What can you do when you’re margin trading?
1. Leverage your assets for a bigger return
If you buy shares on a margin, you’ll be able to leverage what you gained. Then you’ll be able to buy even more shares than you ever could if you went only with cash. We’ll explain it all on several examples that will paint a rather interesting picture. You will see that share buying on a margin can allow for almost a double investment return when compared to a return that was obtained without margin.
For example, you have $10,000. A margin loan is 50%. If the stock price is $100, without a margin, you can buy 100 shares, for a total of $10,000. On the other hand, if you are using margin, and the stock price is the same, $100, you will purchase 200 shares, for a total of $20,000
Let’s say that those shares rise from $100 to $150 after 6 months.
If you bought them without margin, your share sale proceeds will be $15,000. Your gross gain will be $5,000 without commissions. Meaning that you will have a 50% investment return.
On the other hand, if you bought those same shares with margin, your share sale proceeds will be $30,000. Your gross gain without commissions will be $10,000. There will be margin loan interest, that is 8.5% or $425 in this case. In the end, you will have a net gain of $9.575 and a 95.75% return on your investment.
2. Portfolio diversifying
If you use it sensibly, a margin account can be a great asset that will hedge or diversify your portfolio. For instance, if you are focused on a few sectors, you can use your margin account to add positions in other sectors. This will improve the diversification of your portfolio.
On the other hand, if your portfolio is already diversified, and you want to hedge downside risk, you can use options for hedging, or to short sell a specific sector or the broad market. When you have in mind that short selling and certain options trades can only be done in a margin account, it sounds like this option is definitely worth trying. Sure, short selling has its own risks. But, there’s no stock market that’s completely risk-free, that’s why the potential gains are so high as well.
3. Carry trade
This term means that you borrow at a lower interest rate, and then invest in something that can give you a higher return. While carry trades of currency are most used in the currency market, a savvy investor can use it in the stock market with quite an effect as well.
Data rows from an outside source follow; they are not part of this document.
(* Under the hypotheses and notation of the following setting: $Q(z)=\Gamma_0^+(A-z)^{-1}\Gamma_0\in N_\kappa(H)$ with $A$ a bounded self-adjoint operator in a Pontryagin space $K$, $\Gamma_0:H\to K$ bounded, $\Gamma_0^+\Gamma_0$ boundedly invertible, $P:=\Gamma_0(\Gamma_0^+\Gamma_0)^{-1}\Gamma_0^+$, $\tilde A:=(I-P)A(I-P)$ acting in $(I-P)K$, and $\hat Q(z):=-Q(z)^{-1}$, it holds for every $z\in\rho(A)\cap\rho(\tilde A)$ that $$\hat Q(z)\Gamma_0^+=(\Gamma_0^+\Gamma_0)^{-1}\Gamma_0^+\Big\{-I+A(I-P)(\tilde A-z)^{-1}(I-P)\Big\}(A-z).$$
   Context: $H$ is a Hilbert space; $(K,[\cdot,\cdot])$ a Pontryagin space; for bounded $\Gamma_0:H\to K$, $\Gamma_0^+$ is defined by $(h,\Gamma_0^+k)=[\Gamma_0h,k]$. $N_\kappa(H)$ denotes generalized Nevanlinna functions with $\kappa$ negative squares. $(I-P)(\tilde A-z)^{-1}(I-P)$ denotes the operator on $K$ equal to $(\tilde A-z)^{-1}$ on $(I-P)K$ and $0$ on $PK$; $P$ is an orthogonal projection in $K$ with $PK=\Gamma_0(H)$ and $(I-P)K=\ker\Gamma_0^+$. *)

theory Defs
  imports Complex_Main
begin

class cvec = ab_group_add +
  fixes scaleC :: "complex \<Rightarrow> 'a \<Rightarrow> 'a" (infixr "*\<^sub>C" 75)
  assumes scaleC_add_right: "a *\<^sub>C (x + y) = a *\<^sub>C x + a *\<^sub>C y"
    and scaleC_add_left: "(a + b) *\<^sub>C x = a *\<^sub>C x + b *\<^sub>C x"
    and scaleC_scaleC: "a *\<^sub>C (b *\<^sub>C x) = (a * b) *\<^sub>C x"
    and scaleC_one: "1 *\<^sub>C x = x"
lemma sum_apex_cross_products:
  fixes w :: complex
  assumes w2: "w^2 = w - 1" and cw: "cnj w = 1 - w" and rho: "rho = w^2"
    and W: "\<And>k. W k = c + a * w ^ k"
  shows "(\<Sum>k<6. cnj (W ((k + 5) mod 6) - W k) * (apex W P k - W k)) = 6 * w * (a * cnj a)"
proof -
  define F where "F = P - c - (2 - w) * a"
  have "cnj (W ((k + 5) mod 6) - W k) * (apex W P k - W k) = w * (a * cnj a) - cnj a * cnj w * F * w ^ k"
    if "k < 6" for k
  proof -
    have key: "- (cnj a * (cnj w * y) * (x * x * F + (1 - w) * a * x)) = w * (a * cnj a) - cnj a * cnj w * F * x"
      if "y * x = 1" for x y using that cw w2 by algebra
    have "cnj w * w = 1"
      using cw w2 by algebra
    then have "cnj w ^ k * w ^ k = 1"
      by (simp flip: power_mult_distrib)
    from key[OF this] show ?thesis
      by (simp add: regular_hexagon_edge[OF w2 W that] apex_regular[OF w2 rho W] F_def[symmetric]
          power_add mult_2)
  qed
  then have "(\<Sum>k<6. cnj (W ((k + 5) mod 6) - W k) * (apex W P k - W k))
      = (\<Sum>k<6. w * (a * cnj a) - cnj a * cnj w * F * w ^ k)"
    by (intro sum.cong) auto
  also have "\<dots> = 6 * w * (a * cnj a) - cnj a * cnj w * F * (\<Sum>k<6. w ^ k)"
    by (simp add: sum_subtractf sum_distrib_left)
  also have "\<dots> = 6 * w * (a * cnj a)"
    by (simp add: sum_powers_sixth_root[OF w2])
  finally show ?thesis .
qed

text \<open>The change-of-variables formula for linear maps is only available on \<open>real^'n\<close>,
  so measures of complex sets are transported to \<open>real^2\<close>.\<close>

definition vec_of_complex :: "complex \<Rightarrow> real^2" where
  "vec_of_complex z = (\<chi> i. if i = 1 then Re z else Im z)"

definition complex_of_vec :: "real^2 \<Rightarrow> complex" where
  "complex_of_vec v = Complex (v$1) (v$2)"

lemma vec_of_complex_nth [simp]: "vec_of_complex z $ 1 = Re z" "vec_of_complex z $ 2 = Im z"
  by (simp_all add: vec_of_complex_def)

lemma complex_of_vec_of_complex [simp]: "complex_of_vec (vec_of_complex z) = z"
  by (simp add: complex_of_vec_def complex_eq_iff)

lemma vec_of_complex_of_vec [simp]: "vec_of_complex (complex_of_vec v) = v"
  by (simp add: vec_of_complex_def complex_of_vec_def vec_eq_iff) (metis exhaust_2)

lemma bounded_linear_complex_of_vec: "bounded_linear complex_of_vec"
  unfolding linear_conv_bounded_linear[symmetric]
  by (auto simp: linear_iff complex_of_vec_def complex_eq_iff)

lemma linear_vec_of_complex: "linear vec_of_complex"
  by (auto simp: linear_iff vec_of_complex_def vec_eq_iff)
lemma unit_diam_Un:
  assumes "unit_diam A" "unit_diam B" "B \<subseteq> close_to_all A"
  shows "unit_diam (A \<union> B)"
proof -
  have cross: "\<bar>s - t\<bar> \<le> 1" "\<bar>t - s\<bar> \<le> 1" if "s \<in> A" "t \<in> B" for s t
    using assms(3) that by (auto simp: mem_close_to_all abs_minus_commute)
  show ?thesis
    unfolding unit_diam_def
  proof (intro ballI)
    fix s t assume "s \<in> A \<union> B" "t \<in> A \<union> B"
    then show "\<bar>s - t\<bar> \<le> 1"
      using assms(1,2) cross unfolding unit_diam_def by blast
  qed
qed

lemma unit_diam_Un_apart:
  assumes "unit_diam A" "unit_diam B" "\<not> unit_diam (A \<union> B)"
  shows "\<exists>y y'. (y \<in> A \<and> y' \<in> B \<or> y \<in> B \<and> y' \<in> A) \<and> y + 1 < y'"
proof -
  obtain s t where st: "s \<in> A \<union> B" "t \<in> A \<union> B" "\<not> \<bar>s - t\<bar> \<le> 1"
    using assms(3) unfolding unit_diam_def by blast
  have "\<not> (s \<in> A \<and> t \<in> A)" "\<not> (s \<in> B \<and> t \<in> B)"
    using assms(1,2) st(3) unfolding unit_diam_def by blast+
  with st(1,2) have "s \<in> A \<and> t \<in> B \<or> s \<in> B \<and> t \<in> A"
    by blast
  moreover have "s + 1 < t \<or> t + 1 < s"
    using st(3) by (auto simp: abs_if split: if_splits)
  ultimately show ?thesis
    by blast
qed

lemma close_to_all_eq_window:
  assumes "A \<noteq> {}" "A \<subseteq> {a..a + 1}" "Inf A = a" "Sup A = a + 1"
  shows "close_to_all A = {a..a + 1}"
proof
  show "close_to_all A \<subseteq> {a..a + 1}"
  proof
    fix s assume "s \<in> close_to_all A"
    then show "s \<in> {a..a + 1}"
      using close_to_all_bounds[of s A] assms(1,3,4) by simp
  qed
  show "{a..a + 1} \<subseteq> close_to_all A"
  proof
    fix s assume s: "s \<in> {a..a + 1}"
    have "\<bar>s - p\<bar> \<le> 1" if "p \<in> A" for p
      using s that assms(2) by (auto simp: abs_le_iff)
    then show "s \<in> close_to_all A"
      by (simp add: mem_close_to_all)
  qed
qed

lemma saturated_window_unique:
  fixes f :: "real \<Rightarrow> 'a"
  assumes "saturated f {a..a + 1}" and "saturated f {b..b + 1}" and "f a = f b"
  shows "a = b"
proof -
  have "b \<in> {a..a + 1}"
    by (rule saturatedD[OF assms(1) _ assms(3)[symmetric]]) simp
  moreover have "a \<in> {b..b + 1}"
    by (rule saturatedD[OF assms(2) _ assms(3)]) simp
  ultimately show ?thesis
    by simp
qed

lemma finite_saturated_windows:
  fixes f :: "real \<Rightarrow> 'a"
  assumes "finite (range f)"
  shows "finite {a. saturated f {a..a + 1}}"
proof (rule inj_on_finite[OF _ _ assms])
  show "inj_on f {a. saturated f {a..a + 1}}"
    by (rule inj_onI) (simp add: saturated_window_unique)
qed blast
lemma frob_norm_diag_of_add_weighted_adjacency_le:
  assumes G: "simple_graph m E" and t: "0 < t" "t \<le> 1" "t \<le> r" and f: "\<And>e. e \<in> E \<Longrightarrow> 1 \<le> f e"
    and d: "\<And>j. j < m \<Longrightarrow> \<bar>d j - lam j\<bar> \<le> r"
  shows "frob_norm (diag_of m d + weighted_adjacency m E f t - diag_of m lam) \<le> real m * r"
proof (rule frob_norm_le)
  fix i j assume ij: "i < m" "j < m"
  show "\<bar>(diag_of m d + weighted_adjacency m E f t - diag_of m lam) $$ (i, j)\<bar> \<le> r"
  proof (cases "i = j")
    case True
    then show ?thesis
      using ij d by (simp add: diag_of_add_weighted_adjacency_index[OF G] index_diag_of)
  next
    case False
    then show ?thesis
      using ij abs_weighted_adjacency_le[where E = E and f = f, OF t(1,2) f ij] t(3)
      by (simp add: diag_of_add_weighted_adjacency_index[OF G] index_diag_of)
  qed
qed (use t in \<open>auto simp: diag_of_def\<close>)

theorem lemma2p1:
  fixes m :: nat and lam :: "nat \<Rightarrow> real" and E :: "nat set set"
    and f :: "nat set \<Rightarrow> nat" and \<epsilon> :: real
  assumes incr: "\<And>i j. i < j \<Longrightarrow> j < m \<Longrightarrow> lam i < lam j"
    and graph: "simple_graph m E"
    and conn: "connected_graph m E"
    and fpos: "\<And>e. e \<in> E \<Longrightarrow> f e \<ge> 1"
    and eps: "\<epsilon> > 0"
  shows "\<exists>t0 > 0. \<exists>A. A \<in> M_fG m E f t0 \<and> A \<in> E_Lambda m lam \<and> SSP A \<and>
           frob_norm (A - diag_of m lam) < \<epsilon>"
proof -
  have inj: "inj_on lam {..<m}"
    by (rule inj_onI) (metis incr lessThan_iff linorder_neqE_nat order_less_irrefl)
  obtain \<delta> where \<delta>: "0 < \<delta>" and gap: "\<And>a b. a < m \<Longrightarrow> b < m \<Longrightarrow> a \<noteq> b \<Longrightarrow> \<delta> \<le> \<bar>lam a - lam b\<bar>"
    using inj_on_min_gap[OF inj] by blast
  define r where "r = min (\<delta> / 4) (\<epsilon> / (real m + 1))"
  have r: "0 < r" "r \<le> \<delta> / 4" "real m * r < \<epsilon>"
    using \<delta> eps by (auto simp: r_def min_def field_simps)
  obtain \<eta> where "0 < \<eta>" and diagonal: "\<And>N. N \<in> carrier_mat m m \<Longrightarrow> \<forall>i<m. \<forall>j<m. \<bar>N $$ (i, j)\<bar> \<le> \<eta> \<Longrightarrow>
      \<exists>d. (\<forall>j<m. \<bar>d j - lam j\<bar> \<le> r) \<and> (\<forall>i<m. poly (char_poly (diag_of m d + N)) (lam i) = 0)"
    using uniform_exists_diag_with_char_poly_roots[OF inj r(1)] by blast
  define t where "t = min (min \<eta> 1) (min r (\<delta> / (8 * (real m + 1))))"
  have t: "0 < t" "t \<le> \<eta>" "t \<le> 1" "t \<le> r" "t \<le> \<delta> / (8 * (real m + 1))"
    using \<open>0 < \<eta>\<close> r \<delta> by (auto simp: t_def)
  define N where "N = weighted_adjacency m E f t"
  obtain d where d: "\<And>j. j < m \<Longrightarrow> \<bar>d j - lam j\<bar> \<le> r"
    and roots: "\<And>i. i < m \<Longrightarrow> poly (char_poly (diag_of m d + N)) (lam i) = 0"
    using diagonal[of N] abs_weighted_adjacency_le[OF t(1,3) fpos] t(2) by (fastforce simp: N_def)
  define A where "A = diag_of m d + N"
  have "A \<in> M_fG m E f t"
    unfolding A_def N_def by (rule diag_of_add_weighted_adjacency_in_M_fG[OF graph t(1)])
  moreover have "A \<in> E_Lambda m lam"
    using \<open>A \<in> M_fG m E f t\<close> char_poly_eq_prod_if_roots[of A m lam] inj roots
    by (auto simp: E_Lambda_def M_fG_def S_graph_def A_def)
  moreover have "SSP A"
  proof (unfold A_def N_def, rule SSP_diag_of_add_weighted_adjacency[OF graph t(1,3) fpos])
    fix a b assume ab: "a < m" "b < m" "a \<noteq> b"
    have "\<delta> / 2 \<le> \<bar>d a - d b\<bar>" using gap[OF ab] d[OF ab(1)] d[OF ab(2)] r(2) by linarith
    moreover have "2 * real m * t * 4 < t * (8 * (real m + 1))" using t(1) by (simp add: algebra_simps)
    moreover have "t * (8 * (real m + 1)) \<le> \<delta>" using t(5) by (simp add: le_divide_eq)
    ultimately show "2 * real m * t < \<bar>d a - d b\<bar>" using \<delta> by linarith
  qed
  moreover have "frob_norm (A - diag_of m lam) < \<epsilon>"
    using frob_norm_diag_of_add_weighted_adjacency_le[where f = f and d = d and lam = lam, OF graph t(1,3,4) fpos d] r(3)
    by (simp add: A_def N_def)
  ultimately show ?thesis using t(1) by blast
qed
lemma monom_exps_Inl_Inr [simp]: "(monom_exps m \<circ> Inl, monom_exps m \<circ> Inr) = m"
  by (simp add: monom_exps_def o_def)

lemma prod_monom_exps:
  assumes "finite A"
  shows "(\<Prod>i\<in>Inl ` A \<union> Inr ` A. z i ^ monom_exps m i) =
    (\<Prod>i\<in>A. z (Inl i) ^ fst m i * z (Inr i) ^ snd m i)"
proof -
  have "(\<Prod>i\<in>Inl ` A \<union> Inr ` A. z i ^ monom_exps m i) =
        (\<Prod>i\<in>Inl ` A. z i ^ monom_exps m i) * (\<Prod>i\<in>Inr ` A. z i ^ monom_exps m i)"
    by (rule prod.union_disjoint) (use assms in auto)
  then show ?thesis by (simp add: prod.reindex monom_exps_def prod.distrib)
qed

lemma peval_eq_0_imp_eq_0:
  assumes supp: "\<forall>m. m \<notin> wmonoms n \<longrightarrow> p m = 0" and zero: "\<And>\<xi> \<eta>. peval n p \<xi> \<eta> = 0"
  shows "p = 0"
proof
  fix m
  show "p m = 0 m"
  proof (cases "m \<in> wmonoms n")
    case True
    let ?I = "Inl ` {1..n} \<union> Inr ` {1..n} :: (nat + nat) set"
    have "p (monom_exps m \<circ> Inl, monom_exps m \<circ> Inr) = 0"
    proof (rule multivariate_polyfun_eq_0_imp_coeff_eq_0[of ?I "monom_exps ` wmonoms n"])
      show "\<forall>e\<in>monom_exps ` wmonoms n. \<forall>i. i \<notin> ?I \<longrightarrow> e i = 0"
        by (auto simp: wmonoms_def monom_exps_def image_iff split: sum.split)
      show "\<forall>z. (\<Sum>e\<in>monom_exps ` wmonoms n. p (e \<circ> Inl, e \<circ> Inr) * (\<Prod>i\<in>?I. z i ^ e i)) = 0"
      proof
        fix z :: "nat + nat \<Rightarrow> complex"
        have "(\<Sum>e\<in>monom_exps ` wmonoms n. p (e \<circ> Inl, e \<circ> Inr) * (\<Prod>i\<in>?I. z i ^ e i)) =
              peval n p (z \<circ> Inl) (z \<circ> Inr)"
          by (simp add: sum.reindex inj_on_subset[OF inj_monom_exps] peval_def prod_monom_exps)
        then show "(\<Sum>e\<in>monom_exps ` wmonoms n. p (e \<circ> Inl, e \<circ> Inr) * (\<Prod>i\<in>?I. z i ^ e i)) = 0"
          using zero by simp
      qed
    qed (use True finite_wmonoms in auto)
    then show ?thesis by simp
  next
    case False
    with supp have "p m = 0" by blast
    then show ?thesis by simp
  qed
qed

lemma Pspace_eq_0:
  assumes "p \<in> Pspace n" and "\<And>a. p (a, \<lambda>_. 0) = 0"
  shows "p = 0"
proof (rule peval_eq_0_imp_eq_0)
  show "\<forall>m. m \<notin> wmonoms n \<longrightarrow> p m = 0" using assms(1) by (simp add: Pspace_iff)
  show "peval n p \<xi> \<eta> = 0" for \<xi> \<eta>
    using peval_eta_zero_eq_0[of p, OF assms(2)] by (simp add: peval_Pspace_eq[OF assms(1)])
qed

text \<open>The coefficients of \<open>\<Prod>i. (\<xi>\<^sub>i - (-1)^i \<eta>\<^sub>i)^(a i)\<close>, see \<open>peval_basis_poly\<close>.\<close>
definition basis_poly :: "nat \<Rightarrow> (nat \<Rightarrow> nat) \<Rightarrow> monom \<Rightarrow> complex" where
  "basis_poly n a m = (if m \<in> wmonoms n \<and> (\<forall>i. fst m i + snd m i = a i)
     then (\<Prod>i=1..n. of_nat (a i choose snd m i) * (- ((-1) ^ i)) ^ snd m i) else 0)"

lemma basis_poly_pure:
  assumes "a \<in> partition_mults n n"
  shows "basis_poly n a (a', \<lambda>_. 0) = (if a' = a then 1 else 0)"
proof (cases "a' = a")
  case False
  then have "\<not> (\<forall>i. a' i + 0 = a i)" by auto
  then show ?thesis using False by (simp add: basis_poly_def)
qed (use assms in \<open>simp add: basis_poly_def pure_mem_wmonoms_iff\<close>)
For instance, there’s an investor who has $50,000 and he takes on margin debt for the same amount and invests the entire amount in a diversified portfolio. Let’s say that that portfolio yields 12%. If the margin loan interest rate is 8.5%, that investor will generate 3.5% more on the entire portfolio than he would have if he had a cash-only portfolio with no leverage. That means $1,750 more earned on that investment.
4. Take advantage of opportunities as they arise
When you trade shares on a margin, you’re able to take good opportunities as they appear. Just imagine the perfect stock showing up, and all your assets are trapped in investments? You would have to either pass on the opportunity, sell your investments, or find a third way to get cash. This way you won’t have to get rid of your existing investments to raise cash, and you won’t have to try and get it from other sources.